-- Materials provided follows --

lemma singular_powr_antimono:
  assumes "a \<le> 0" "0 \<le> x" "x \<le> y"
  shows "singular_powr a y \<le> singular_powr a x"
  using assms by (auto simp: singular_powr_def intro!: ennreal_leI powr_mono2')

lemma borel_measurable_singular_powr [measurable]:
  assumes [measurable]: "f \<in> borel_measurable M"
  shows "(\<lambda>x. singular_powr a (f x)) \<in> borel_measurable M"
  unfolding singular_powr_def by measurable

(* The matrix (v i \<bullet> w j) over the indices in S, padded with the identity outside S, so that
   gram_det S w is the Gram determinant of the subfamily of w indexed by S. *)
definition gram_on ::
    "'m set \<Rightarrow> ('m::finite \<Rightarrow> real^'n) \<Rightarrow> ('m \<Rightarrow> real^'n) \<Rightarrow> real^'m^'m" where
  "gram_on S v w = (\<chi> i j. if i \<in> S \<and> j \<in> S then v i \<bullet> w j else if i = j then 1 else 0)"

definition gram_det :: "'m set \<Rightarrow> ('m::finite \<Rightarrow> real^'n) \<Rightarrow> real" where
  "gram_det S w = det (gram_on S w w)"

lemma gram_power_eq_singular_powr: "gram_power a w = singular_powr a (gram_det UNIV w)"
  by (simp add: gram_power_def singular_powr_def gram_det_def gram_on_def gram_def)

lemma gram_det_empty: "gram_det {} w = 1"
proof -
  have "gram_on {} w w = mat 1"
    by (simp add: gram_on_def mat_def vec_eq_iff)
  then show ?thesis
    by (simp add: gram_det_def)
qed

lemma gram_det_cong: "(\<And>i. i \<in> S \<Longrightarrow> w i = w' i) \<Longrightarrow> gram_det S w = gram_det S w'"
  unfolding gram_det_def gram_on_def by (simp cong: if_cong)

lemma transpose_gram_on: "transpose (gram_on S v w) = gram_on S w v"
  by (simp add: transpose_def gram_on_def vec_eq_iff inner_commute)

lemma det_gram_on_subtract_left:
  assumes "k \<notin> S" and y: "y \<in> span (v ` S)"
  shows "det (gram_on (insert k S) (v(k := v k - y)) w) = det (gram_on (insert k S) v w)"
proof -
  let ?G = "gram_on (insert k S) v w"
  \<comment> \<open>Replacing v k by v k - y subtracts L y from row k, and L maps v i to row i for i \<in> S.\<close>
  define L where "L x = (\<chi> j. if j \<in> insert k S then x \<bullet> w j else 0)" for x
  have "linear L"
    by (auto simp: linear_iff L_def vec_eq_iff inner_add_left)
  have "L (v i) = row i ?G" if "i \<in> S" for i
    using that assms(1) by (auto simp: L_def row_def gram_on_def vec_eq_iff)
  then have "L ` v ` S \<subseteq> {row i ?G | i. i \<noteq> k}"
    using assms(1) by force
  then have "span (L ` v ` S) \<subseteq> span {row i ?G | i. i \<noteq> k}"
    by (rule span_mono)
  moreover have "- L y \<in> span (L ` v ` S)"
    using y linear_span_image[OF \<open>linear L\<close>, of "v ` S"] by (blast intro: span_neg)
  ultimately have "- L y \<in> vec.span {row i ?G | i. i \<noteq> k}"
    by (auto simp: span_vec_eq)
  then have "det (\<chi> r. if r = k then row k ?G + - L y else row r ?G) = det ?G"
    by (rule det_row_span)
  moreover have "gram_on (insert k S) (v(k := v k - y)) w
      = (\<chi> r. if r = k then row k ?G + - L y else row r ?G)"
    by (auto simp: vec_eq_iff gram_on_def row_def L_def inner_diff_left)
  ultimately show ?thesis
    by simp
qed

lemma det_gram_on_subtract_right:
  assumes "k \<notin> S" "y \<in> span (w ` S)"
  shows "det (gram_on (insert k S) v (w(k := w k - y))) = det (gram_on (insert k S) v w)"
proof -
  have "det (gram_on (insert k S) v (w(k := w k - y)))
      = det (gram_on (insert k S) (w(k := w k - y)) v)"
    by (metis det_transpose transpose_gram_on)
  also have "\<dots> = det (gram_on (insert k S) w v)"
    by (rule det_gram_on_subtract_left[OF assms])
  also have "\<dots> = det (gram_on (insert k S) v w)"
    by (metis det_transpose transpose_gram_on)
  finally show ?thesis .
qed

lemma det_gram_on_insert_orthogonal:
  assumes "k \<notin> S" "\<And>i. i \<in> S \<Longrightarrow> z \<bullet> w i = 0"
  shows "det (gram_on (insert k S) (w(k := z)) (w(k := z))) = (z \<bullet> z) * gram_det S w"
proof -
  let ?G = "gram_on S w w"
  have "gram_on (insert k S) (w(k := z)) (w(k := z))
      = (\<chi> r. if r = k then (z \<bullet> z) *s row k ?G else row r ?G)"
    using assms by (auto simp: vec_eq_iff gram_on_def row_def inner_commute)
  then have "det (gram_on (insert k S) (w(k := z)) (w(k := z)))
      = (z \<bullet> z) * det (\<chi> r. if r = k then row k ?G else row r ?G)"
    by (simp add: det_row_mul)
  also have "(\<chi> r. if r = k then row k ?G else row r ?G) = ?G"
    by (simp add: vec_eq_iff row_def)
  finally show ?thesis
    unfolding gram_det_def .
qed

lemma infdist_add_orthogonal_subspace:
  fixes y z :: "'a::euclidean_space"
  assumes "subspace V" "y \<in> V" "\<And>v. v \<in> V \<Longrightarrow> orthogonal z v"
  shows "infdist (y + z) V = norm z"
proof (rule antisym)
  show "infdist (y + z) V \<le> norm z"
    using infdist_le[OF assms(2), of "y + z"] by (simp add: dist_norm)
  have "norm z \<le> dist (y + z) v" if "v \<in> V" for v
  proof -
    have "orthogonal z (y - v)"
      using assms that by (simp add: subspace_diff)
    then have "(norm (y + z - v))\<^sup>2 = (norm z)\<^sup>2 + (norm (y - v))\<^sup>2"
      using norm_add_Pythagorean[of z "y - v"] by (simp add: algebra_simps)
    then show ?thesis
      by (simp add: dist_norm power2_le_imp_le)
  qed
  then show "norm z \<le> infdist (y + z) V"
    using assms(2) by (subst infdist_notempty) (auto intro!: cINF_greatest)
qed

lemma gram_det_insert:
  fixes w :: "'m::finite \<Rightarrow> real^'n"
  assumes "k \<notin> S"
  shows "gram_det (insert k S) w = gram_det S w * (infdist (w k) (span (w ` S)))\<^sup>2"
proof -
  obtain y z where y: "y \<in> span (w ` S)" and z: "\<And>v. v \<in> span (w ` S) \<Longrightarrow> orthogonal z v"
    and wk: "w k = y + z"
    using orthogonal_subspace_decomp_exists by metis
  define w' where "w' = w(k := z)"
  have "w' = w(k := w k - y)"
    by (simp add: w'_def wk)
  then have "gram_det (insert k S) w = det (gram_on (insert k S) w' w')"
    using det_gram_on_subtract_left[OF assms y, where w = w]
      det_gram_on_subtract_right[OF assms y, where v = w']
    by (simp add: gram_det_def)
  also have "\<dots> = (z \<bullet> z) * gram_det S w"
    using det_gram_on_insert_orthogonal[OF assms, where z = z and w = w] z
    by (simp add: w'_def orthogonal_def span_base)
  also have "z \<bullet> z = (infdist (w k) (span (w ` S)))\<^sup>2"
    using infdist_add_orthogonal_subspace[OF subspace_span y z] by (simp add: wk power2_norm_eq_inner)
  finally show ?thesis
    by simp
qed

lemma prod_Basis_vec: "(\<Prod>b\<in>Basis. x \<bullet> b) = (\<Prod>i\<in>UNIV. x $ i)"
  by (simp add: Basis_vec_def cart_eq_inner_axis axis_eq_axis prod.UNION_disjoint)

lemma
  fixes a b :: "real^'n::finite"
  assumes "\<And>i. a $ i \<le> b $ i"
  shows emeasure_lborel_box_cart: "emeasure lborel (box a b) = ennreal (\<Prod>i\<in>UNIV. b $ i - a $ i)"
    and emeasure_lborel_cbox_cart: "emeasure lborel (cbox a b) = ennreal (\<Prod>i\<in>UNIV. b $ i - a $ i)"
proof -
  have "\<forall>c\<in>Basis. a \<bullet> c \<le> b \<bullet> c"
    using assms by (auto simp: Basis_vec_def cart_eq_inner_axis)
  moreover have "(\<Prod>c\<in>Basis. (b - a) \<bullet> c) = (\<Prod>i\<in>UNIV. b $ i - a $ i)"
    by (simp add: prod_Basis_vec)
  ultimately show "emeasure lborel (box a b) = ennreal (\<Prod>i\<in>UNIV. b $ i - a $ i)"
    and "emeasure lborel (cbox a b) = ennreal (\<Prod>i\<in>UNIV. b $ i - a $ i)"
    by (simp_all add: emeasure_lborel_box_eq emeasure_lborel_cbox_eq)
qed

lemma linear_vec_reindex: "linear (\<lambda>x::real^'a::finite. \<chi> i. x $ p i)"
  by (auto simp: linear_iff vec_eq_iff)

lemma norm_vec_reindex:
  fixes p :: "'b::finite \<Rightarrow> 'a::finite"
  assumes "bij p"
  shows "norm (\<chi> i. x $ p i) = norm (x :: real^'a)"
proof -
  have "(\<Sum>i\<in>UNIV. (x $ p i)\<^sup>2) = (\<Sum>j\<in>UNIV. (x $ j)\<^sup>2)"
    using assms by (intro sum.reindex_bij_betw) simp
  then show ?thesis
    by (simp add: norm_vec_def L2_set_def)
qed

lemma lborel_distr_vec_reindex:
  fixes p :: "'b::finite \<Rightarrow> 'a::finite"
  assumes "bij p"
  shows "distr lborel borel (\<lambda>x::real^'a. \<chi> i. x $ p i) = (lborel :: (real^'b) measure)"
proof (rule lborel_eqI[symmetric])
  let ?h = "\<lambda>x::real^'a. \<chi> i. x $ p i"
  let ?q = "inv p"
  have meas: "?h \<in> borel_measurable borel"
    using linear_vec_reindex[of p]
    by (simp add: borel_measurable_continuous_onI linear_continuous_on linear_conv_bounded_linear)
  fix l u :: "real^'b"
  assume Basis_le: "\<And>b. b \<in> Basis \<Longrightarrow> l \<bullet> b \<le> u \<bullet> b"
  have lu: "l $ i \<le> u $ i" for i
    using Basis_le[of "axis i 1"] by (simp add: axis_in_Basis_iff cart_eq_inner_axis)
  have "?h -` box l u = box (\<chi> j. l $ ?q j) (\<chi> j. u $ ?q j)"
    using assms by (auto simp: mem_box_cart bij_inv_eq_iff) (metis bij_inv_eq_iff assms)+
  then have "emeasure (distr lborel borel ?h) (box l u) = emeasure lborel (box (\<chi> j. l $ ?q j) (\<chi> j. u $ ?q j))"
    using meas by (simp add: emeasure_distr)
  also have "\<dots> = ennreal (\<Prod>j\<in>UNIV. u $ ?q j - l $ ?q j)"
    using lu by (simp add: emeasure_lborel_box_cart)
  also have "(\<Prod>j\<in>UNIV. u $ ?q j - l $ ?q j) = (\<Prod>i\<in>UNIV. u $ i - l $ i)"
    using assms by (intro prod.reindex_bij_betw) (simp add: bij_imp_bij_inv)
  finally show "emeasure (distr lborel borel ?h) (box l u) = (\<Prod>b\<in>Basis. (u - l) \<bullet> b)"
    by (simp add: prod_Basis_vec)
qed simp
(* Let $G$ be a graph with no induced $P_7$, $C_4$, $C_6$ or $C_7$. Let $C=v_1-v_2-v_3-v_4-v_5-v_1$ be an induced $C_5$ of $G$ and let $K$ be a component of $G[S_0]$ that is not a clique. Then, with indices modulo $5$: (1) every vertex in $N(K)\cap S(v_{i-2},v_{i+2})$ is complete to $K$; (2) $N(K)\cap S(v_{i-1},v_i,v_{i+1})$ or $N(K)\cap S(v_{i+1},v_{i+2},v_{i+3})$ is empty; (3) if $p,q\in N(K)$ are non-adjacent, then $p\in S(v_{i-1},v_i,v_{i+1})$ and $q\in S(v_{i-2},v_{i+2})$ for some $i$ (after possibly swapping $p$ and $q$); (4) $N(K)$ cannot contain four vertices $p,p',q,q'$ with $p\in S(v_{i-1},v_i,v_{i+1})$, $q\in S(v_{i-2},v_{i+2})$, $p'\in S(v_i,v_{i+1},v_{i+2})$ and $q'\in S(v_{i-2},v_{i-1})$.
   Context: For $X\subseteq V(C)$, $S(X)$ is the set of vertices $v\in V(G)\setminus V(C)$ with $N(v)\cap V(C)=X$ (set braces are omitted, e.g. $S(v_1,v_2)=S(\{v_1,v_2\})$); $S_0=S(\emptyset)$. $N(K)$ is the set of vertices outside $K$ having a neighbor in $K$. *)

theory Defs
  imports Main
begin

definition graph :: "'a set \<Rightarrow> ('a \<Rightarrow> 'a \<Rightarrow> bool) \<Rightarrow> bool" where
  "graph V E \<longleftrightarrow> finite V \<and> (\<forall>x y. E x y \<longrightarrow> E y x) \<and> (\<forall>x. \<not> E x x)
     \<and> (\<forall>x y. E x y \<longrightarrow> x \<in> V \<and> y \<in> V)"

definition induced_path :: "'a set \<Rightarrow> ('a \<Rightarrow> 'a \<Rightarrow> bool) \<Rightarrow> nat \<Rightarrow> (nat \<Rightarrow> 'a) \<Rightarrow> bool" where
  "induced_path V E k f \<longleftrightarrow> inj_on f {0..<k} \<and> f ` {0..<k} \<subseteq> V \<and>
     (\<forall>i<k. \<forall>j<k. E (f i) (f j) \<longleftrightarrow> (j = i + 1 \<or> i = j + 1))"

definition induced_cycle :: "'a set \<Rightarrow> ('a \<Rightarrow> 'a \<Rightarrow> bool) \<Rightarrow> nat \<Rightarrow> (nat \<Rightarrow> 'a) \<Rightarrow> bool" where
  "induced_cycle V E k f \<longleftrightarrow> inj_on f {0..<k} \<and> f ` {0..<k} \<subseteq> V \<and>
     (\<forall>i<k. \<forall>j<k. E (f i) (f j) \<longleftrightarrow> (j = (i + 1) mod k \<or> i = (j + 1) mod k))"

definition Sset :: "'a set \<Rightarrow> ('a \<Rightarrow> 'a \<Rightarrow> bool) \<Rightarrow> 'a set \<Rightarrow> 'a set \<Rightarrow> 'a set" where
  "Sset V E C X = {v \<in> V - C. {u \<in> C. E v u} = X}"

definition nbhd :: "'a set \<Rightarrow> ('a \<Rightarrow> 'a \<Rightarrow> bool) \<Rightarrow> 'a set \<Rightarrow> 'a set" where
  "nbhd V E K = {v \<in> V - K. \<exists>u\<in>K. E v u}"
lemma marked_occurrence_unique:
  assumes code: "marked_code \<tau> s"
    and occ: "occurs_at x (\<tau> c @ [s]) p" "p \<le> i" "i < p + int (length (\<tau> c))"
    and occ': "occurs_at x (\<tau> c' @ [s]) p'" "p' \<le> i" "i < p' + int (length (\<tau> c'))"
  shows "c = c' \<and> p = p'"
proof -
  have no_later_start: "\<not> q < q'"
    if "occurs_at x (\<tau> d @ [s]) q" "occurs_at x (\<tau> d' @ [s]) q'" "q' \<le> i" "i < q + int (length (\<tau> d))"
    for d d' q q'
  proof
    assume "q < q'"
    then have "q' = q + int (nat (q' - q))" "0 < nat (q' - q)" "nat (q' - q) < length (\<tau> d)"
      using that(3,4) by auto
    moreover have "x q' = s" using marked_occurrence_marker_iff[OF code that(2), of 0] by simp
    ultimately show False
      using marked_occurrence_marker_iff[OF code that(1), of "nat (q' - q)"] by auto
  qed
  have "p = p'"
    using no_later_start[OF occ(1) occ'(1,2) occ(3)] no_later_start[OF occ'(1) occ(1,2) occ'(3)]
    by linarith
  have no_shorter: "\<not> length (\<tau> d) < length (\<tau> d')"
    if "occurs_at x (\<tau> d @ [s]) p" "occurs_at x (\<tau> d' @ [s]) p" for d d'
  proof
    assume less: "length (\<tau> d) < length (\<tau> d')"
    have "\<tau> d \<noteq> []" using code unfolding marked_code_def by (metis list.distinct(1))
    then show False
      using marked_occurrence_marker_iff[OF code that(1), of "length (\<tau> d)"]
        marked_occurrence_marker_iff[OF code that(2), of "length (\<tau> d)"] less
      by simp
  qed
  have "length (\<tau> c) = length (\<tau> c')"
    using no_shorter[OF occ(1) occ'(1)[folded \<open>p = p'\<close>]]
      no_shorter[OF occ'(1)[folded \<open>p = p'\<close>] occ(1)] by linarith
  then have "\<tau> c @ [s] = \<tau> c' @ [s]"
    using occ(1) occ'(1) \<open>p = p'\<close> unfolding occurs_at_def by (metis length_append_singleton)
  then show ?thesis
    using code \<open>p = p'\<close> unfolding marked_code_def by (simp add: inj_eq)
qed

lemma marked_code_letter_decomposition:
  fixes g :: "letter \<Rightarrow> 'a::semiring_1"
  assumes code: "marked_code \<tau> s"
    and parse: "\<exists>c j. j < length (\<tau> c) \<and> occurs_at x (\<tau> c @ [s]) (i - int j)"
  shows "g (x i) = (\<Sum>c\<in>UNIV. \<Sum>j<length (\<tau> c). g (\<tau> c ! j) * of_bool (occurs_at x (\<tau> c @ [s]) (i - int j)))"
proof -
  obtain c0 j0 where j0: "j0 < length (\<tau> c0)" and occ0: "occurs_at x (\<tau> c0 @ [s]) (i - int j0)"
    using parse by blast
  have only: "c = c0 \<and> j = j0" if "j < length (\<tau> c)" "occurs_at x (\<tau> c @ [s]) (i - int j)" for c j
    using marked_occurrence_unique[OF code that(2) _ _ occ0, where i = i] that(1) j0 by auto
  have "(\<Sum>j<length (\<tau> c). g (\<tau> c ! j) * of_bool (occurs_at x (\<tau> c @ [s]) (i - int j)))
      = (if c = c0 then g (\<tau> c0 ! j0) else 0)" for c
  proof -
    have "(\<Sum>j<length (\<tau> c). g (\<tau> c ! j) * of_bool (occurs_at x (\<tau> c @ [s]) (i - int j)))
        = (\<Sum>j<length (\<tau> c). if c = c0 \<and> j = j0 then g (\<tau> c0 ! j0) else 0)"
      by (rule sum.cong) (auto dest: only intro: occ0)
    then show ?thesis using j0 by (simp add: sum.delta)
  qed
  moreover have "x i = \<tau> c0 ! j0"
    using occ0 j0 unfolding occurs_at_iff by (auto simp: nth_append dest: spec[of _ j0])
  ultimately show ?thesis by simp
qed

lemma sum_shift_bound:
  fixes F :: "int \<Rightarrow> real"
  assumes "\<And>i. 0 \<le> F i" and "\<And>i. F i \<le> 1"
  shows "\<bar>(\<Sum>i\<in>{1..int n}. F (i - int j)) - (\<Sum>i\<in>{1..int n}. F i)\<bar> \<le> real j"
proof (induction j)
  case (Suc j)
  have telescope: "(\<Sum>i\<in>{1..int n}. G (i - 1) - G i) = G 0 - G (int n)" for G :: "int \<Rightarrow> real"
    by (induction n) (simp_all add: atLeastAtMostPlus1_int_conv add.commute)
  have "(\<Sum>i\<in>{1..int n}. F (i - int (Suc j))) - (\<Sum>i\<in>{1..int n}. F (i - int j))
      = F (- int j) - F (int n - int j)"
    using telescope[of "\<lambda>i. F (i - int j)"] by (simp add: sum_subtractf algebra_simps)
  then show ?case
    using Suc.IH assms[of "- int j"] assms[of "int n - int j"] by linarith
qed simp

lemma syndetic_sum_lower_bound:
  assumes "syndetic P"
  obtains c :: real where "0 < c" and "\<And>n. c * real n - 1 \<le> (\<Sum>i\<in>{1..int n}. of_bool (P i))"
proof -
  obtain K where K: "\<forall>j. \<exists>t<K. P (j + int t)"
    using assms unfolding syndetic_def by blast
  then have "0 < K" by (metis gr_zeroI not_less0)
  have window: "1 \<le> (\<Sum>i\<in>{j + 1..j + int K}. of_bool (P i) :: real)" for j
  proof -
    obtain t where "t < K" "P (j + 1 + int t)" using K by blast
    then have "of_bool (P (j + 1 + int t)) \<le> (\<Sum>i\<in>{j + 1..j + int K}. of_bool (P i) :: real)"
      by (intro member_le_sum) auto
    with \<open>P (j + 1 + int t)\<close> show ?thesis by simp
  qed
  have blocks: "real m \<le> (\<Sum>i\<in>{1..int (m * K)}. of_bool (P i))" for m
  proof (induction m)
    case (Suc m)
    have split: "{1..int (Suc m * K)} = {1..int (m * K)} \<union> {int (m * K) + 1..int (m * K) + int K}"
      by (auto simp del: of_nat_mult)
    have "(\<Sum>i\<in>{1..int (Suc m * K)}. of_bool (P i) :: real)
        = (\<Sum>i\<in>{1..int (m * K)}. of_bool (P i)) + (\<Sum>i\<in>{int (m * K) + 1..int (m * K) + int K}. of_bool (P i))"
      unfolding split by (rule sum.union_disjoint) auto
    then show ?case using Suc.IH window[of "int (m * K)"] by simp
  qed simp
  have "1 / real K * real n - 1 \<le> (\<Sum>i\<in>{1..int n}. of_bool (P i))" for n
  proof -
    have "n < n div K * K + K"
      using mod_less_divisor[OF \<open>0 < K\<close>, of n] div_mult_mod_eq[of n K] by linarith
    then have "real n < real (n div K * K + K)" by (simp only: of_nat_less_iff)
    also have "\<dots> = (real (n div K) + 1) * real K" by (simp add: algebra_simps)
    finally have "real n / real K - 1 \<le> real (n div K)"
      using \<open>0 < K\<close> by (simp add: field_simps)
    also have "\<dots> \<le> (\<Sum>i\<in>{1..int (n div K * K)}. of_bool (P i))" by (rule blocks)
    also have "\<dots> \<le> (\<Sum>i\<in>{1..int n}. of_bool (P i))"
      using div_times_less_eq_dividend[of n K] by (intro sum_mono2) (auto simp del: of_nat_mult)
    finally show ?thesis by simp
  qed
  with \<open>0 < K\<close> show thesis by (intro that[of "1 / real K"]) auto
qed

lemma marked_code_partial_sum:
  fixes g :: "letter \<Rightarrow> 'a::semiring_1"
  assumes code: "marked_code \<tau> s"
    and parse: "\<forall>i. \<exists>c j. j < length (\<tau> c) \<and> occurs_at x (\<tau> c @ [s]) (i - int j)"
  shows "(\<Sum>i\<in>I. g (x i))
    = (\<Sum>c\<in>UNIV. \<Sum>j<length (\<tau> c). g (\<tau> c ! j) * (\<Sum>i\<in>I. of_bool (occurs_at x (\<tau> c @ [s]) (i - int j))))"
proof -
  have "(\<Sum>i\<in>I. g (x i))
      = (\<Sum>i\<in>I. \<Sum>c\<in>UNIV. \<Sum>j<length (\<tau> c). g (\<tau> c ! j) * of_bool (occurs_at x (\<tau> c @ [s]) (i - int j)))"
    using parse by (intro sum.cong refl marked_code_letter_decomposition[OF code]) blast
  also have "\<dots> = (\<Sum>c\<in>UNIV. \<Sum>j<length (\<tau> c). \<Sum>i\<in>I. g (\<tau> c ! j) * of_bool (occurs_at x (\<tau> c @ [s]) (i - int j)))"
    by (subst sum.swap) (intro sum.cong refl sum.swap)
  finally show ?thesis by (simp add: sum_distrib_left)
qed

-- Materials provided concluded --

* Action item
Search the data above for the string "parse". Report every line where it is found.

* Response area
    and parse: "\<exists>c j. j < length (\<tau> c) \<and> occurs_at x (\<tau> c @ [s]) (i - int j)"
    using parse by blast
    and parse: "\<forall>i. \<exists>c j. j < length (\<tau> c) \<and> occurs_at x (\<tau> c @ [s]) (i - int j)"
    using parse by (intro sum.cong refl marked_code_letter_decomposition[OF code]) blast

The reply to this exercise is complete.